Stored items
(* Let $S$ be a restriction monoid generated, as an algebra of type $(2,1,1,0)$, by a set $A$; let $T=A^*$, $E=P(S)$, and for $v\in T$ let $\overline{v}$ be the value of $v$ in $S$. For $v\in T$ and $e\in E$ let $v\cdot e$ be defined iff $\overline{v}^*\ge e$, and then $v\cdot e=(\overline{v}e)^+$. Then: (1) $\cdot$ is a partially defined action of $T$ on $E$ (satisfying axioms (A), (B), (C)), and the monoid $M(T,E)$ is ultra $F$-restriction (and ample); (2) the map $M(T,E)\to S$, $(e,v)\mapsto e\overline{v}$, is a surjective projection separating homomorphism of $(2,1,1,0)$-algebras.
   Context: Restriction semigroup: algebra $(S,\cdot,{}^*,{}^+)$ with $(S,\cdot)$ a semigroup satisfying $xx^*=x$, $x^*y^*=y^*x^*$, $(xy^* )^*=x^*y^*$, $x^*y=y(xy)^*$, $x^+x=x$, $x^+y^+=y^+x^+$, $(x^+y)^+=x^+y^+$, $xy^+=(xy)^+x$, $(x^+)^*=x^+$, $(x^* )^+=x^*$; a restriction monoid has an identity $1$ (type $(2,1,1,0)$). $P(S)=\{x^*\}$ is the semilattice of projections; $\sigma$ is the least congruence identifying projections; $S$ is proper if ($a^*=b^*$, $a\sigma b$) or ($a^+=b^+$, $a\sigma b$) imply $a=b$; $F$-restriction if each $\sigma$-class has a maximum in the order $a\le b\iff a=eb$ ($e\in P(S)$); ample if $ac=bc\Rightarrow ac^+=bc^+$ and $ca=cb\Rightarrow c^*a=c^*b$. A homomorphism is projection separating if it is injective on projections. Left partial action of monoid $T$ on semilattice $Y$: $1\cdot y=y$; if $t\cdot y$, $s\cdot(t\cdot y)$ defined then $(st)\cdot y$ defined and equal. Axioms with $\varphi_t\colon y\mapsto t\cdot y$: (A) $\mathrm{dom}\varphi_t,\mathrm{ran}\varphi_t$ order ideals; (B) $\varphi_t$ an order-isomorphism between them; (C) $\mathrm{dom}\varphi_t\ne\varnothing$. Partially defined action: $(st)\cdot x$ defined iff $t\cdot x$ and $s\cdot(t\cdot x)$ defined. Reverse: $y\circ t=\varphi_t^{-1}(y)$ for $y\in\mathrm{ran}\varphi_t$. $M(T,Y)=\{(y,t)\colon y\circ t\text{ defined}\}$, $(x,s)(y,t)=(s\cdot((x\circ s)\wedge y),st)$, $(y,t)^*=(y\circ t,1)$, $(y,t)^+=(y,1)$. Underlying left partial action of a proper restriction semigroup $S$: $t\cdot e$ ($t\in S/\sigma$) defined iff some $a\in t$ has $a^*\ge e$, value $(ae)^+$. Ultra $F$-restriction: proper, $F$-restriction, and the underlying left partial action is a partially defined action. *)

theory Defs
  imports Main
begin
...
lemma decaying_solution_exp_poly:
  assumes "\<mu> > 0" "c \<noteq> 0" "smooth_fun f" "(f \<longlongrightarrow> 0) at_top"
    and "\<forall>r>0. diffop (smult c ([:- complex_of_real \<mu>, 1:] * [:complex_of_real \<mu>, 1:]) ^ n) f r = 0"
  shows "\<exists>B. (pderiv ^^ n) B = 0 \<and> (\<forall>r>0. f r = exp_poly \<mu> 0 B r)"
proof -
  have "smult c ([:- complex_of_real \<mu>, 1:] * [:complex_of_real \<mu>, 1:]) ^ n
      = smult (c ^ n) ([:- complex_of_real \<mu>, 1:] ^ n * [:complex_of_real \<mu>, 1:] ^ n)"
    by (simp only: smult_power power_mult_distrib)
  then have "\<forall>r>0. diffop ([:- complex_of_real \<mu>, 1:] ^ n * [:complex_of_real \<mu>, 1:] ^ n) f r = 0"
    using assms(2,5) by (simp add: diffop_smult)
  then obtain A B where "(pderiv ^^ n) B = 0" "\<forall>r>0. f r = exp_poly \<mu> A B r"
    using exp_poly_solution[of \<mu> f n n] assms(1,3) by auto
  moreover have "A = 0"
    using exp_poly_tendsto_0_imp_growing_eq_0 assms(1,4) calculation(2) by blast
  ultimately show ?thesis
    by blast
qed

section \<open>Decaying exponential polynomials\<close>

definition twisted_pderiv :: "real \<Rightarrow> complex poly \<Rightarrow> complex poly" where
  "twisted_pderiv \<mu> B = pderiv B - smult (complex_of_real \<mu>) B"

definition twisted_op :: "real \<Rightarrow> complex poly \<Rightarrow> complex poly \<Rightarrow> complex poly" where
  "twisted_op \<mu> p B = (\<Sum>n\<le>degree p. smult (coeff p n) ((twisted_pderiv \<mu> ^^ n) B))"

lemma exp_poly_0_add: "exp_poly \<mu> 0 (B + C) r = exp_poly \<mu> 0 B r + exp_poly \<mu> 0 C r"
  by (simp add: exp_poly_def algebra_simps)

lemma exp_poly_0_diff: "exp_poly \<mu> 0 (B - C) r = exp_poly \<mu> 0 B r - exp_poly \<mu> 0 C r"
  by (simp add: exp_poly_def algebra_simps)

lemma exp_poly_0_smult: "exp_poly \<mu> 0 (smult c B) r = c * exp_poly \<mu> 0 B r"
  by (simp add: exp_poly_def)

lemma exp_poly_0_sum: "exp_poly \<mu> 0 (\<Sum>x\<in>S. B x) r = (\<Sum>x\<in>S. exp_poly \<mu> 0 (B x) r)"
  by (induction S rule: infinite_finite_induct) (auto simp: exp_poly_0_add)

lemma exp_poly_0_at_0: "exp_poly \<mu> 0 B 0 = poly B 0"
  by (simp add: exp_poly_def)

> [WHAT IS REQUIRED]:
Report each line of the data in which "where" occurs.

> [RESULT OF THIS TASK]:
  then obtain A B where "(pderiv ^^ n) B = 0" "\<forall>r>0. f r = exp_poly \<mu> A B r"
definition twisted_pderiv :: "real \<Rightarrow> complex poly \<Rightarrow> complex poly" where
definition twisted_op :: "real \<Rightarrow> complex poly \<Rightarrow> complex poly \<Rightarrow> complex poly" where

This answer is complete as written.